Salade Niçoise on Belgian endive

I picked up these beautiful little quail eggs at Fubonn. I was thinking of what little appie I could bring over to Carolyn’s house that wasn’t crackers and dip (she was making Amy Sedaris’ Lil’ Smoky Cheese Ball) or something that would require heating in situ, so I thought about mini deviled eggs (excellent idea, but way too cumbersome) or a little salad of some type served on endive leaves. I know, 1989 called and wants its hors doeuvres back. Fucking sue me. Greta had given me some gorgeous albacore that she canned, and I had some lemons and olives, so this seemed like a no-brainer.

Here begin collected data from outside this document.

(* Let $\mathcal{V}$ and $\mathcal{W}$ be quaternionic two-sided Banach algebras with unit $1\neq 0$, let $\mathcal{A}:\mathcal{V}\to\mathcal{W}$ be a homomorphism, and let $a\in\mathcal{V}^{-1}$. Then $$\sigma_{S,\mathcal{A}}^{\Phi}(a^{-1})=\left\{\frac{\overline{q}}{|q|^{2}}:\ q\in \sigma_{S,\mathcal{A}}^{\Phi}(a)\right\}\quad\text{and}\quad \sigma_{S,\mathcal{A}}^{\Phi^{0}}(a^{-1})=\left\{\frac{\overline{q}}{|q|^{2}}:\ q\in \sigma_{S,\mathcal{A}}^{\Phi^{0}}(a)\right\}.$$
   Context: $\mathbb{H}$ denotes the quaternions; $\overline{q}$ is the quaternionic conjugate, $Re(q)$ the real part, $|q|$ the norm. A quaternionic two-sided Banach algebra with unit is a two-sided $\mathbb{H}$-vector space $\mathcal{V}$ with an associative product satisfying $x(y+z)=xy+xz$, $(x+y)z=xz+yz$, $q(xy)=(qx)y$, $(xy)q=x(yq)$, complete with respect to a norm with $\|qx\|=|q|\|x\|=\|xq\|$, $\|xy\|\le\|x\|\|y\|$, and with unit $1_{\mathcal{V}}$, $\|1_{\mathcal{V}}\|=1$. A homomorphism $\mathcal{A}:\mathcal{V}\to\mathcal{W}$ is additive, multiplicative, satisfies $\mathcal{A}(qu)=q\mathcal{A}(u)$, $\mathcal{A}(uq)=\mathcal{A}(u)q$ and $\mathcal{A}(1_{\mathcal{V}})=1_{\mathcal{W}}$. $\mathcal{V}^{-1}$ is the group of invertible elements. For $v\in\mathcal{V}$, $q\in\mathbb{H}$, $R_q(v)=v^2-2Re(q)v+|q|^21_{\mathcal{V}}$. $\Phi_{\mathcal{A}}=\{v:\mathcal{A}(v)\in\mathcal{W}^{-1}\}$, $\Phi^0_{\mathcal{A}}=\mathcal{V}^{-1}+\mathcal{A}^{-1}(0)$, $\sigma_{S,\mathcal{A}}^{\Phi}(v)=\{q\in\mathbb{H}:R_q(v)\notin\Phi_{\mathcal{A}}\}$, $\sigma_{S,\mathcal{A}}^{\Phi^0}(v)=\{q\in\mathbb{H}:R_q(v)\notin\Phi^0_{\mathcal{A}}\}$. *)

theory Defs
  imports Complex_Main
begin

datatype quat = Quat (qRe: real) (qI: real) (qJ: real) (qK: real)

definition qadd :: "quat \<Rightarrow> quat \<Rightarrow> quat" where
  "qadd p q = Quat (qRe p + qRe q) (qI p + qI q) (qJ p + qJ q) (qK p + qK q)"

definition qmult :: "quat \<Rightarrow> quat \<Rightarrow> quat" where
  "qmult p q = Quat
     (qRe p * qRe q - qI p * qI q - qJ p * qJ q - qK p * qK q)
     (qRe p * qI q + qI p * qRe q + qJ p * qK q - qK p * qJ q)
     (qRe p * qJ q - qI p * qK q + qJ p * qRe q + qK p * qI q)
     (qRe p * qK q + qI p * qJ q - qJ p * qI q + qK p * qRe q)"

definition qreal :: "real \<Rightarrow> quat" where
  "qreal r = Quat r 0 0 0"

definition qconj :: "quat \<Rightarrow> quat" where
  "qconj q = Quat (qRe q) (- qI q) (- qJ q) (- qK q)"

definition qnorm :: "quat \<Rightarrow> real" where
  "qnorm q = sqrt ((qRe q)\<^sup>2 + (qI q)\<^sup>2 + (qJ q)\<^sup>2 + (qK q)\<^sup>2)"

definition qconj_div_normsq :: "quat \<Rightarrow> quat" where
  "qconj_div_normsq q = (let s = (qnorm q)\<^sup>2 in
     Quat (qRe q / s) (- qI q / s) (- qJ q / s) (- qK q / s))"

And after all the holiday stodge, a crisp, citrusy salad sounded perfect.

This is the difference between starting your photography at 3:00 and finishing at 3:30. Night and day, innit? It gets dark early, and all of the shots of the salads in natural light were migraine-inducing blurry (I really should get in the habit of using my tripod, but like I need one more thing in my kitchen), so I had to resort to my new lights (thank you, darling husband!). Unfortunately, I broke the reflector umbrella when opening it so I’ve been directing the eye-piercing lamp directly at the food to simulate daylight, but it’s just harsh and red and obvious, even after shopping the fuck out of it. Look at the size of those shadows. Okay, stop looking.


I blanched and slivered haricots verts, cut a brunoise of olives and home-made pickles (sharp as cornichons, they are, but from full-size Persian cukes), and finely diced a boiled red potato. I added these, with minced shallot and parsley, to the flaked albacore. I loaded the whole mix up with lemon zest, and a vinaigrette of olive oil, red wine vinegar, lemon juice, Dijon mustard, anchovies and S&P. I added extra luxuriant crunches of Maldon over the top for flourish.

I forked a little of the mixture onto each endive leaf and then topped with a little softboiled quail egg. I wasn’t trying to be stingy, it was just such an extreme pain in my ass to peel each of these wee eggs and I was in a hurry (and the whole thing was getting to be waaaay too precious), so I opted to quarter the eggs instead of serving halves. This ended up being the perfect amount of egg anyway.

Tomorrow night I’m making tiny Scotch eggs and Boddington’s-battered halibut fish and chips (fagging pub grub up a little more with sweet potato fries and a savoy slaw with a creamy lemon vinaigrette).